Solamente llevo una maleta porque no necesito demasiadas cosas. El viaje hasta el pueblo va a ser rápido y me llevará poco tiempo mi estancia allí. Lo justo para hacer el papeleo con la funeraria y el seguro. He pedido que el entierro sea en la vieja iglesia, cerca de la casa donde mi padre nació y se crió. En los alrededores están los pocos amigos que aún conserva de su infancia. Quién diría , lo duro que tuvo que ser, escapar de tan pequeño, del dolor y del sufrimiento, de las penurias y del hambre, evitando constantemente el fuego de metralla. (No fueron buenos tiempos para su familia, pero sus padres sacaron a los cinco hermanos hacia adelante. Sus padres pasarían hambre pero no sus hijos). La iglesia es lo suficiente discreta y en ella albergará la poca gente que esperamos. Pocos amigos quedan de su infancia, apenas una docena. Era muy querido por su caracter afable. Siempre estuvo cuando se le necesitó, me comentaba Amalio, el de Rosa la de Celesto, cuando se enteró de su pérdida.

Con todo este percal de la pandemia, he pedido que se hagan muy pocas esquelas. Las colocaré en el viejo tablón de anuncios del pueblo y en el antiguo barrio donde vivió durante cerca de 30 años. La gente que me ha llamado para darme el pésame me ha dicho que tiene miedo de acercarse por todo este tema del covid-19, pero que hará lo posible para asistir el sábado al entierro. Les he dicho que se queden en casa y que con esa simple llamada ya me doy por satisfecha.

A las 16:15 h de Oviedo sale mi tren con destino al pueblo. A pocos metros del andén está la casa de mis padres. Apenas una hora de viaje y el tren empieza a aminorar la marcha. Desde mi asiento, por la ventanilla, empiezo a vislumbrar la pequeña casa. Hacía dos años que no iba por trabajo y aquella no había cambiado mucho. Al bajarme del tren me doy de bruces con Tino, el viudo de Marisol, que medio pálido, se me echa a llorar en el hombro, rodeándome con un fuerte abrazo, que me corta hasta la respiración. ¡Era un gran hombre!. Gracias, Tino, le respondí. Nos veremos mañana en el entierro. Gracias de nuevo, Tino, le vuelvo a responder; y le doy un suave apretón de manos antes de proseguir.
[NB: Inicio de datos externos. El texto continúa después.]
lemma hyp_eq_imp_coeffs_eq:
  fixes a a' :: "nat \<Rightarrow> 'q::field"
  assumes a: "a \<in> vecs d" and a': "a' \<in> vecs d" and eq: "hyp d a b = hyp d a' b'"
  shows "a = a'"
proof
  fix j
  have "(\<lambda>i. if i = d then b else 0) \<in> hyp d a b"
    by (auto simp: hyp_def vecs_def)
  hence "(\<lambda>i. if i = d then b else 0) \<in> hyp d a' b'" using eq by simp
  hence "b = b'" by (simp add: hyp_def)
  show "a j = a' j"
  proof (cases "j < d")
    case True
    let ?x = "\<lambda>i. if i = j then 1 else if i = d then a j + b else (0::'q)"
    have sum_x: "(\<Sum>i<d. c i * ?x i) = c j" for c :: "nat \<Rightarrow> 'q"
    proof -
      have "(\<Sum>i<d. c i * ?x i) = (\<Sum>i<d. if i = j then c i else 0)"
        by (rule sum.cong) auto
      thus ?thesis using True by simp
    qed
    have "?x \<in> hyp d a b" using True by (auto simp: hyp_def vecs_def sum_x)
    hence "?x \<in> hyp d a' b'" using eq by blast
    hence "a j + b = a' j + b'" using True by (auto simp: hyp_def sum_x)
    thus ?thesis using \<open>b = b'\<close> by simp
  next
    case False
    thus ?thesis using a a' by (auto simp: vecs_def)
  qed
qed

lemma sigma_hyp: "a \<in> vecs d \<Longrightarrow> sigma d (hyp d a b) = a"
  unfolding sigma_def by (rule the_equality) (use hyp_eq_imp_coeffs_eq in blast)+

lemma sigma_in_vecs: "transversal d V \<Longrightarrow> sigma d V \<in> vecs d"
  by (auto simp: transversal_def sigma_hyp)

lemma proj_in_vecs: "proj d w \<in> vecs d"
  by (auto simp: proj_def vecs_def)

lemma hyp_eq_if_proj_eq:
  assumes w: "w \<in> hyp d a b" and w': "w' \<in> hyp d a b" and eq: "proj d w = proj d w'"
  shows "w = w'"
proof
  fix i
  have below: "w j = w' j" if "j < d" for j
    using eq that by (metis proj_def)
  hence "(\<Sum>j<d. a j * w j) = (\<Sum>j<d. a j * w' j)" by simp
  with below w w' show "w i = w' i"
    by (cases i d rule: linorder_cases) (auto simp: hyp_def vecs_def)
qed

lemma hyp_proj_ex1:
  assumes "y \<in> vecs d"
  shows "\<exists>!w. w \<in> hyp d a b \<and> proj d w = y"
proof -
  let ?w = "y(d := (\<Sum>i<d. a i * y i) + b)"
  have "(\<Sum>i<d. a i * ?w i) = (\<Sum>i<d. a i * y i)" by simp
  hence "?w \<in> hyp d a b \<and> proj d ?w = y"
    using assms by (auto simp: hyp_def vecs_def proj_def)
  thus ?thesis using hyp_eq_if_proj_eq by blast
qed

lemma iota_hyp:
  assumes "y \<in> vecs d"
  shows "iota d (hyp d a b) y \<in> hyp d a b" "proj d (iota d (hyp d a b) y) = y"
  using theI'[OF hyp_proj_ex1[OF assms, of a b]] by (simp_all add: iota_def)

lemma iota_hyp_proj: "w \<in> hyp d a b \<Longrightarrow> iota d (hyp d a b) (proj d w) = w"
  unfolding iota_def by (rule the1_equality[OF hyp_proj_ex1[OF proj_in_vecs]]) simp

lemma
  assumes V: "transversal d V" and y: "y \<in> vecs d"
  shows pi_up_in: "pi_up d V y \<in> V"
    and pi_down_pi_up: "pi_down d V (pi_up d V y) = y"
proof -
  obtain a b where a: "a \<in> vecs d" and Vh: "V = hyp d a b"
    using V by (auto simp: transversal_def)
  have "(\<lambda>i. y i - a i) \<in> vecs d" using a y by (auto simp: vecs_def)
  with Vh show "pi_up d V y \<in> V" "pi_down d V (pi_up d V y) = y"
    by (simp_all add: pi_up_def pi_down_def sigma_hyp[OF a] iota_hyp)
qed

lemma pi_up_pi_down:
  assumes V: "transversal d V" and w: "w \<in> V"
  shows "pi_up d V (pi_down d V w) = w"
proof -
  obtain a b where a: "a \<in> vecs d" and Vh: "V = hyp d a b"
    using V by (auto simp: transversal_def)
  show ?thesis
    using iota_hyp_proj[of w d a b] w Vh by (simp add: pi_up_def pi_down_def sigma_hyp[OF a])
qed

lemma pi_down_in_vecs: "transversal d V \<Longrightarrow> pi_down d V w \<in> vecs d"
  using sigma_in_vecs[of d V] proj_in_vecs[of d w] by (auto simp: pi_down_def vecs_def)

lemma bij_betw_pi_up: "transversal d V \<Longrightarrow> bij_betw (pi_up d V) (vecs d) V"
  by (rule bij_betw_byWitness[where f' = "pi_down d V"])
     (auto simp: pi_up_in pi_down_pi_up pi_up_pi_down pi_down_in_vecs)

lemma image_preimage_bij_betw:
  "bij_betw f \<Omega> W \<Longrightarrow> S \<subseteq> W \<Longrightarrow> f ` {c \<in> \<Omega>. f c \<in> S} = S"
  unfolding bij_betw_def by blast

lemma card_preimage_bij_betw:
  assumes "bij_betw f \<Omega> W" "S \<subseteq> W"
  shows "card {c \<in> \<Omega>. f c \<in> S} = card S"
proof -
  have "inj_on f {c \<in> \<Omega>. f c \<in> S}"
    using assms(1) by (auto simp: bij_betw_def intro: inj_on_subset)
  thus ?thesis using card_image image_preimage_bij_betw[OF assms] by metis
qed

lemma is_deal_preimage:
  assumes f: "bij_betw f \<Omega> W" and \<Omega>: "finite \<Omega>"
    and sub: "\<forall>P\<le>m. S P \<subseteq> W" and card: "\<forall>P\<le>m. card (S P) = tau P"
    and disj: "\<forall>P\<le>m. \<forall>Q\<le>m. P \<noteq> Q \<longrightarrow> S P \<inter> S Q = {}"
    and cover: "(\<Union>P\<in>{..m}. S P) = W"
  shows "is_deal \<Omega> m tau (\<lambda>P. {c \<in> \<Omega>. f c \<in> S P})"
  unfolding is_deal_def
proof (intro conjI allI impI)
  fix P assume "P \<le> m"
  then show "card {c \<in> \<Omega>. f c \<in> S P} = tau P"
    using card_preimage_bij_betw[OF f] sub card by simp
  show "{c \<in> \<Omega>. f c \<in> S P} \<subseteq> \<Omega>" "finite {c \<in> \<Omega>. f c \<in> S P}"
    using \<Omega> by auto
next
  fix P Q assume "P \<le> m" "Q \<le> m" "P \<noteq> Q"
  then show "{c \<in> \<Omega>. f c \<in> S P} \<inter> {c \<in> \<Omega>. f c \<in> S Q} = {}"
    using disj by blast
next
  show "(\<Union>P\<in>{..m}. {c \<in> \<Omega>. f c \<in> S P}) = \<Omega>"
    using f cover by (auto simp: bij_betw_def)
qed

lemma card_Diff_bij_betw:
  assumes f: "bij_betw f \<Omega> W" and "finite \<Omega>" and g: "bij_betw g A V" and VW: "V \<subseteq> W"
  shows "card (W - V) = card \<Omega> - card A"
proof -
  have "finite V" using f VW \<open>finite \<Omega>\<close> bij_betw_finite finite_subset by metis
  moreover have "card W = card \<Omega>" "card V = card A"
    using f g bij_betw_same_card by metis+
  ultimately show ?thesis using card_Diff_subset[OF _ VW] by simp
qed

lemma is_deal_preimage_complement_image:
  assumes f: "bij_betw f \<Omega> W" and \<Omega>: "finite \<Omega>" "card \<Omega> = (\<Sum>P\<le>m. tau P)"
    and g: "bij_betw g A V" and VW: "V \<subseteq> W"
    and Xsub: "\<forall>k\<in>{1..m}. X k \<subseteq> A"
    and Xdisj: "\<forall>k\<in>{1..m}. \<forall>l\<in>{1..m}. k \<noteq> l \<longrightarrow> X k \<inter> X l = {}"
    and Xcover: "(\<Union>k\<in>{1..m}. X k) = A"
    and Xcard: "\<forall>k\<in>{1..m}. card (X k) = tau k"
  shows "is_deal \<Omega> m tau (\<lambda>P. {c \<in> \<Omega>. f c \<in> (if P = 0 then W - V else g ` X P)})"
proof (rule is_deal_preimage[OF f \<Omega>(1)])
  let ?S = "\<lambda>P. if P = 0 then W - V else g ` X P"
  have inj: "inj_on g A" and gA: "g ` A = V" using g by (auto simp: bij_betw_def)
  have "finite A" using f g VW \<Omega>(1) bij_betw_finite finite_subset by metis
  then have "card A = (\<Sum>k\<in>{1..m}. card (X k))"
    unfolding Xcover[symmetric]
    by (intro card_UN_disjoint) (use Xsub Xdisj in \<open>auto intro: finite_subset\<close>)
  moreover have "(\<Sum>P\<le>m. tau P) = tau 0 + (\<Sum>k\<in>{1..m}. tau k)"
    by (simp add: atMost_atLeast0 sum.atLeast_Suc_atMost)
  ultimately have "card (W - V) = tau 0"
    using card_Diff_bij_betw[OF f \<Omega>(1) g VW] \<Omega>(2) Xcard by simp
  moreover have "card (g ` X k) = tau k" if "k \<in> {1..m}" for k
    using card_image[OF inj_on_subset[OF inj]] Xsub Xcard that by metis
  ultimately show "\<forall>P\<le>m. card (?S P) = tau P" by auto
  have gX_V: "g ` X k \<subseteq> V" if "k \<in> {1..m}" for k
    using Xsub gA that by blast
  show "\<forall>P\<le>m. ?S P \<subseteq> W"
  proof (intro allI impI)
    fix P assume "P \<le> m"
    then show "?S P \<subseteq> W" using gX_V[of P] VW by (cases "P = 0") auto
  qed
  show "\<forall>P\<le>m. \<forall>Q\<le>m. P \<noteq> Q \<longrightarrow> ?S P \<inter> ?S Q = {}"
  proof (intro allI impI)
    fix P Q assume P: "P \<le> m" and Q: "Q \<le> m" and "P \<noteq> Q"
    show "?S P \<inter> ?S Q = {}"
    proof (cases "P = 0 \<or> Q = 0")
      case True
      with \<open>P \<noteq> Q\<close> P Q gX_V[of P] gX_V[of Q] show ?thesis by (auto simp: image_subset_iff)
    next
      case False
      with P Q have "P \<in> {1..m}" "Q \<in> {1..m}" by auto
      then have "g ` X P \<inter> g ` X Q = g ` (X P \<inter> X Q)"
        using inj_on_image_Int[OF inj] Xsub by blast
      with False Xdisj \<open>P \<in> {1..m}\<close> \<open>Q \<in> {1..m}\<close> \<open>P \<noteq> Q\<close> show ?thesis by auto
    qed
  qed
  have "(\<Union>k\<in>{1..m}. g ` X k) = V" using Xcover gA by blast
  moreover have "{..m} = insert 0 {1..m}" by auto
  ultimately show "(\<Union>P\<in>{..m}. ?S P) = W" using VW by auto
qed

lemma max_exec_imp_is_execution:
  assumes "max_exec \<Omega> m d tau H toks"
  shows "is_execution \<Omega> m d tau H toks"
  unfolding is_execution_def Pi_tok_def
proof (intro allI impI CollectI exI conjI)
  fix k assume "k < length toks"
  hence "take k toks @ [toks ! k] = take (Suc k) toks" by (simp add: take_Suc_conv_app_nth)
  thus "prefix (take k toks @ [toks ! k]) toks" by (simp add: take_is_prefix)
qed (rule assms)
La bajada hasta casa siempre ha sido algo complicada y resbaladiza. Cuesta rodear ese estrecho camino parcheado con escombros y embarrado pero siempre ha sido un gran atajo. Por fin piso suelo firme tras un intento de caída en vano. Veo que la huerta lleva años sin cuidarse. Desde que mi padre quedase viudo le salvó bastante del tedio y la soledad, pero últimamente no estaba ya muy bien para esos menesteres.

Piqué con fuerza a la puerta y apareció mi hermano mayor. ¿Has llegado bien?, me preguntó. Por el viaje, si, aunque este atajo casi me atrapa en su barrizal, le dije. Pasa, está al llegar la funeraria para llevárselo. Quiero echarle un último vistazo y despedirme, le dije. Quisiera estar un rato a solas en la habitación. Tranquila, el tiempo que necesites, me contestó.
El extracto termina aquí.